Our project “Adult Education and the Great War in Yorkshire: A Community History Project” drew to a close last Friday with a final workshop “Child Labour in the Great War – A Local History”, held at the University of Leeds and led by W.E.A. family historian Jackie Depelle and historian of childhood Dr Rebecca Gill. The workshop was full and the conversation lively!
Participants in the Child Labour in the Great War study day.
Over the course of the project, academics at Leeds (Prof Alison Fell) and Huddersfield (Dr Rebecca Gill) have worked with Rob Hindle, Sarah Holland and Jackie Depelle of the W.E.A., as well as David Smith of Heritage Quay at Huddersfield University and Rob Light our research assistant, to uncover the story of adult education during the war, covering everything from the Plebs League classes attended by local Conscientious Objectors to the wartime offerings of Huddersfield Technical College. But one story began to stand out: the campaign of the local Workers’ Educational Association in Yorkshire against the continuance – and escalation – of child labour during the war.
This had a particularly local flavour, as many children were employed either legally or illegally during the war in the mills, helping to meet the huge contracts for army cloth, whether khaki for our own soldiers or horizon blue for the French Army.

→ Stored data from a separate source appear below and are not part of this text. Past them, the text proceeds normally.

lemma path_difference_tendsto_0: "((\<lambda>t. Jt t *v X - J *v X) \<longlongrightarrow> 0) (at 0)"
proof -
  define C where "C = real CARD('n)"
  have "C > 0"
    by (simp add: C_def)
  let ?\<beta> = "\<lambda>j. lift (coord10 J j)"
  have coord: "coord10 J j \<in> L10 J" for j
    using acs by (rule coord10_in_L10)
  have lifts: "\<forall>\<^sub>F t in at 0. \<forall>j. is_lift J (Jt t) (coord10 J j) (?\<beta> j t)"
    using coord by (intro eventually_all_finite eventually_is_lift)
  have small: "\<forall>\<^sub>F t in at 0. \<forall>j i. cmod (?\<beta> j t (axis i 1)) \<le> 1 / (4 * C)"
  proof (intro eventually_all_finite)
    fix j i
    have "((\<lambda>t. cmod (?\<beta> j t (axis i 1))) \<longlongrightarrow> 0) (at 0)"
      using tendsto_norm[OF lift_tendsto_0[OF coord]] by simp
    then have "\<forall>\<^sub>F t in at 0. cmod (?\<beta> j t (axis i 1)) < 1 / (4 * C)"
      using \<open>C > 0\<close> by (elim order_tendstoD(2)) simp
    then show "\<forall>\<^sub>F t in at 0. cmod (?\<beta> j t (axis i 1)) \<le> 1 / (4 * C)"
      by (rule eventually_mono) simp
  qed
  have "\<forall>\<^sub>F t in at 0. norm (Jt t *v X - J *v X) \<le> 8 * (\<Sum>j\<in>UNIV. cmod (?\<beta> j t X))"
    using lifts small by eventually_elim (rule norm_difference_le_lifts[OF acs], simp_all add: C_def)
  moreover have "((\<lambda>t. 8 * (\<Sum>j\<in>UNIV. cmod (?\<beta> j t X))) \<longlongrightarrow> 0) (at 0)"
    using tendsto_norm_zero[OF lift_tendsto_0[OF coord]]
    by (intro tendsto_mult_right_zero tendsto_null_sum)
  ultimately show ?thesis
    by (rule Lim_null_comparison)
qed

lemma path_tendsto: "((\<lambda>t. Jt t *v X) \<longlongrightarrow> J *v X) (at 0)"
  using path_difference_tendsto_0 by (simp add: LIM_zero_iff)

Many were employed under the half time system, spending the morning in the mill and the afternoon at school (reportedly many were asleep at their desks), but in Bradford a bye-law was passed to reduce the school leaving age from 14 to 13 and of those working half time, many were doing many hours of overtime.
Through the Yorkshire District offices of the W.E.A. in Leeds, a campaign was mobilised to revive the legacy of Oastler and ban the practice of half time work. We have discovered some prominent local names connected to this campaign, in particular Arthur Greenwood, who from his role as head of economics at Huddersfield Technical College before the war had been researching the statistical evidence for the effects of work on the physical development of school children – and would continue to lecture on this topic for the Huddersfield and Leeds W.E.A. throughout the war on visits from his new role at the Ministry of Reconstruction.
We were fortunate to be able to bring together current members of the W.E.A. with local historians specialising in the history of textile production in the West Riding to unravel this story … and hope to turn this pilot project into a more extensive investigation of the extent of child labour in the First World War, and the W.E.A.’s role nationally in its abolition under Fisher’s Educational Act in 1918.
If you have any information to share on child labour or the W.E.A. in the war, we’d be delighted to hear from you. Please contact Rebecca Gill (r.gill@hud.ac.uk)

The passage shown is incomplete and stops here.